Record set: Begin
theorem proposition2p1:
  fixes xs :: "('a::finite) list list"
    and n :: nat
    and \<rho> \<sigma> :: "complex mat"
  assumes "n \<ge> 1"
    and "distinct xs" and "xs \<noteq> []"
    and "\<forall>x\<in>set xs. length x = n"
    and "\<rho> \<in> carrier_mat (length xs) (length xs)"
    and "\<sigma> \<in> carrier_mat (length xs) (length xs)"
    and "gram_unit \<rho>" and "gram_unit \<sigma>"
  shows "hadamard_dist \<rho> \<sigma> \<le> adv_star xs n \<rho> \<sigma>"
proof -
  let ?F = "{op_norm (hadamard \<Gamma> (\<rho> - \<sigma>)) | \<Gamma>. adv_feasible xs n \<Gamma>}"
  have bdd: "bdd_above ?F" by (rule adv_feasible_set_bdd_above) (use assms in auto)
  have herm: "mat_adjoint \<rho> = \<rho>" "mat_adjoint \<sigma> = \<sigma>"
    using gram_unit_hermitian[OF assms(7,5)] gram_unit_hermitian[OF assms(8,6)] .
  have "trace_dist (hadamard \<rho> (outer_self u)) (hadamard \<sigma> (outer_self u)) \<le> Sup ?F"
    if u: "u \<in> carrier_vec (length xs)" "vnorm u = 1" for u
  proof -
    obtain \<Gamma> where "adv_feasible xs n \<Gamma>" and le:
      "trace_dist (hadamard \<rho> (outer_self u)) (hadamard \<sigma> (outer_self u)) \<le> op_norm (hadamard \<Gamma> (\<rho> - \<sigma>))"
      by (rule trace_dist_hadamard_le_feasible[OF assms(3) assms(5) herm(1) assms(6) herm(2) u])
    hence "op_norm (hadamard \<Gamma> (\<rho> - \<sigma>)) \<in> ?F" by blast
    with le show ?thesis using cSup_upper[OF _ bdd] by force
  qed
  moreover have "length xs > 0" using assms(3) by simp
  ultimately show ?thesis
    unfolding hadamard_dist_def adv_star_eq_Sup_feasible using assms(5) vnorm_unit_vec
    by (intro cSup_least) (auto intro!: exI[of _ "unit_vec (length xs) 0"])
qed

end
Record set: End
▸ Assigned task
An exact copy of the data, with every line intact, is the required answer.

▸ Final answer
theorem proposition2p1:
  fixes xs :: "('a::finite) list list"
    and n :: nat
    and \<rho> \<sigma> :: "complex mat"
  assumes "n \<ge> 1"
    and "distinct xs" and "xs \<noteq> []"
    and "\<forall>x\<in>set xs. length x = n"
    and "\<rho> \<in> carrier_mat (length xs) (length xs)"
    and "\<sigma> \<in> carrier_mat (length xs) (length xs)"
    and "gram_unit \<rho>" and "gram_unit \<sigma>"
  shows "hadamard_dist \<rho> \<sigma> \<le> adv_star xs n \<rho> \<sigma>"
proof -
  let ?F = "{op_norm (hadamard \<Gamma> (\<rho> - \<sigma>)) | \<Gamma>. adv_feasible xs n \<Gamma>}"
  have bdd: "bdd_above ?F" by (rule adv_feasible_set_bdd_above) (use assms in auto)
  have herm: "mat_adjoint \<rho> = \<rho>" "mat_adjoint \<sigma> = \<sigma>"
    using gram_unit_hermitian[OF assms(7,5)] gram_unit_hermitian[OF assms(8,6)] .
  have "trace_dist (hadamard \<rho> (outer_self u)) (hadamard \<sigma> (outer_self u)) \<le> Sup ?F"
    if u: "u \<in> carrier_vec (length xs)" "vnorm u = 1" for u
  proof -
    obtain \<Gamma> where "adv_feasible xs n \<Gamma>" and le:
      "trace_dist (hadamard \<rho> (outer_self u)) (hadamard \<sigma> (outer_self u)) \<le> op_norm (hadamard \<Gamma> (\<rho> - \<sigma>))"
      by (rule trace_dist_hadamard_le_feasible[OF assms(3) assms(5) herm(1) assms(6) herm(2) u])
    hence "op_norm (hadamard \<Gamma> (\<rho> - \<sigma>)) \<in> ?F" by blast
    with le show ?thesis using cSup_upper[OF _ bdd] by force
  qed
  moreover have "length xs > 0" using assms(3) by simp
  ultimately show ?thesis
    unfolding hadamard_dist_def adv_star_eq_Sup_feasible using assms(5) vnorm_unit_vec
    by (intro cSup_least) (auto intro!: exI[of _ "unit_vec (length xs) 0"])
qed

end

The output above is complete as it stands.